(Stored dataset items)
---*---
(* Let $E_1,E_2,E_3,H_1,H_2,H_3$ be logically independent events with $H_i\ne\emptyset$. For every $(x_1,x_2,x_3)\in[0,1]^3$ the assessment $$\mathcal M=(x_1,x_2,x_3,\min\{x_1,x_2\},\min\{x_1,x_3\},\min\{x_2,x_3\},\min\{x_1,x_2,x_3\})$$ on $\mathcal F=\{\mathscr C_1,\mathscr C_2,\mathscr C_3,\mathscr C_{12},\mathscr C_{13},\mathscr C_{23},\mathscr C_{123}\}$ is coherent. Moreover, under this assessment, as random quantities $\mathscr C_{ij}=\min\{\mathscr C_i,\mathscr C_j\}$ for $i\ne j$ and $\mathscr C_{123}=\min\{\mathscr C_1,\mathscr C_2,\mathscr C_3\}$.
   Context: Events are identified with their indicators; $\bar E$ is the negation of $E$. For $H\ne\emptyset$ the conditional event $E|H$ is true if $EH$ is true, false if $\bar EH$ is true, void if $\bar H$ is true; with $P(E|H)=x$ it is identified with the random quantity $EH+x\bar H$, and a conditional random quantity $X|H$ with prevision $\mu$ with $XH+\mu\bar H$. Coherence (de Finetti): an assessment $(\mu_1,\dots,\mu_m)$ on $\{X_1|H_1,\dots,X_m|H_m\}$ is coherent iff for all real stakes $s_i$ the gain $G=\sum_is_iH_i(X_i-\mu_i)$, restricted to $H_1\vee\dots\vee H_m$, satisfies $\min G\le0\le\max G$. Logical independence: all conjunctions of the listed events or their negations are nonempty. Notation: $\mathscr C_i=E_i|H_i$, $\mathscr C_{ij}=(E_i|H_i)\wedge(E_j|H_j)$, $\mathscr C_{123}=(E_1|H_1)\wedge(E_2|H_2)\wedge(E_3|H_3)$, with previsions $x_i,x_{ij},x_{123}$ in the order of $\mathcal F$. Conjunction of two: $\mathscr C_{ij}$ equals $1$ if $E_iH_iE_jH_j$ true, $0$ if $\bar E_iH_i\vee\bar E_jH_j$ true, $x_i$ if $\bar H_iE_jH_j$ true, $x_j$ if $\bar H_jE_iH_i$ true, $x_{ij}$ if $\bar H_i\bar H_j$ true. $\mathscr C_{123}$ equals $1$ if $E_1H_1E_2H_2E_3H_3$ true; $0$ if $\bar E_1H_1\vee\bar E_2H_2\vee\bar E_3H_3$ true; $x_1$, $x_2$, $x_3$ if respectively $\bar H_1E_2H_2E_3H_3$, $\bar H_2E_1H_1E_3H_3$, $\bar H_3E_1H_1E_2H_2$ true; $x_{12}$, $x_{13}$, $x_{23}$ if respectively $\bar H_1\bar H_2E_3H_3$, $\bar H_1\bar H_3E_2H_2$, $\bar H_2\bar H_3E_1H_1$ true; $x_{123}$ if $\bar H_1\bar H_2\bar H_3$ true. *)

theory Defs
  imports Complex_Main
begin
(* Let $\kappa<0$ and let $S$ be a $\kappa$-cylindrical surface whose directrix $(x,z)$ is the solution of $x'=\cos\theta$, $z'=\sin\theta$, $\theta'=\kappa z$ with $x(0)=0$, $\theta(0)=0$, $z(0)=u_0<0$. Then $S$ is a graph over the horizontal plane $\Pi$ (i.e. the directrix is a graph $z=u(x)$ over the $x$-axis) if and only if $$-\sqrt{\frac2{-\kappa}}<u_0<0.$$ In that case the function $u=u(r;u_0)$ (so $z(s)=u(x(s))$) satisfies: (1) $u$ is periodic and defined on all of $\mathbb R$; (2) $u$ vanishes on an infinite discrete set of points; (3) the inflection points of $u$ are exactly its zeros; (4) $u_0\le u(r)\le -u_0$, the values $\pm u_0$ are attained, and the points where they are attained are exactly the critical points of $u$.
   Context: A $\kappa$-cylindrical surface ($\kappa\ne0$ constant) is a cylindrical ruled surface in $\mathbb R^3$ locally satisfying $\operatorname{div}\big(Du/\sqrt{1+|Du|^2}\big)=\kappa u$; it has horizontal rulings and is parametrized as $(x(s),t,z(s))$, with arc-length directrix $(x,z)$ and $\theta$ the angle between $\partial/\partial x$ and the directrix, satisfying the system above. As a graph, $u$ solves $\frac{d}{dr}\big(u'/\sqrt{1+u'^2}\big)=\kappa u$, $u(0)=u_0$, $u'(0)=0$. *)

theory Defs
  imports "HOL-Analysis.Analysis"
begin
---*---
(Problem to solve): The lines needed are those in the data above that hold the string "imports"; copy each of them.

(Problem solution):
  imports Complex_Main
  imports "HOL-Analysis.Analysis"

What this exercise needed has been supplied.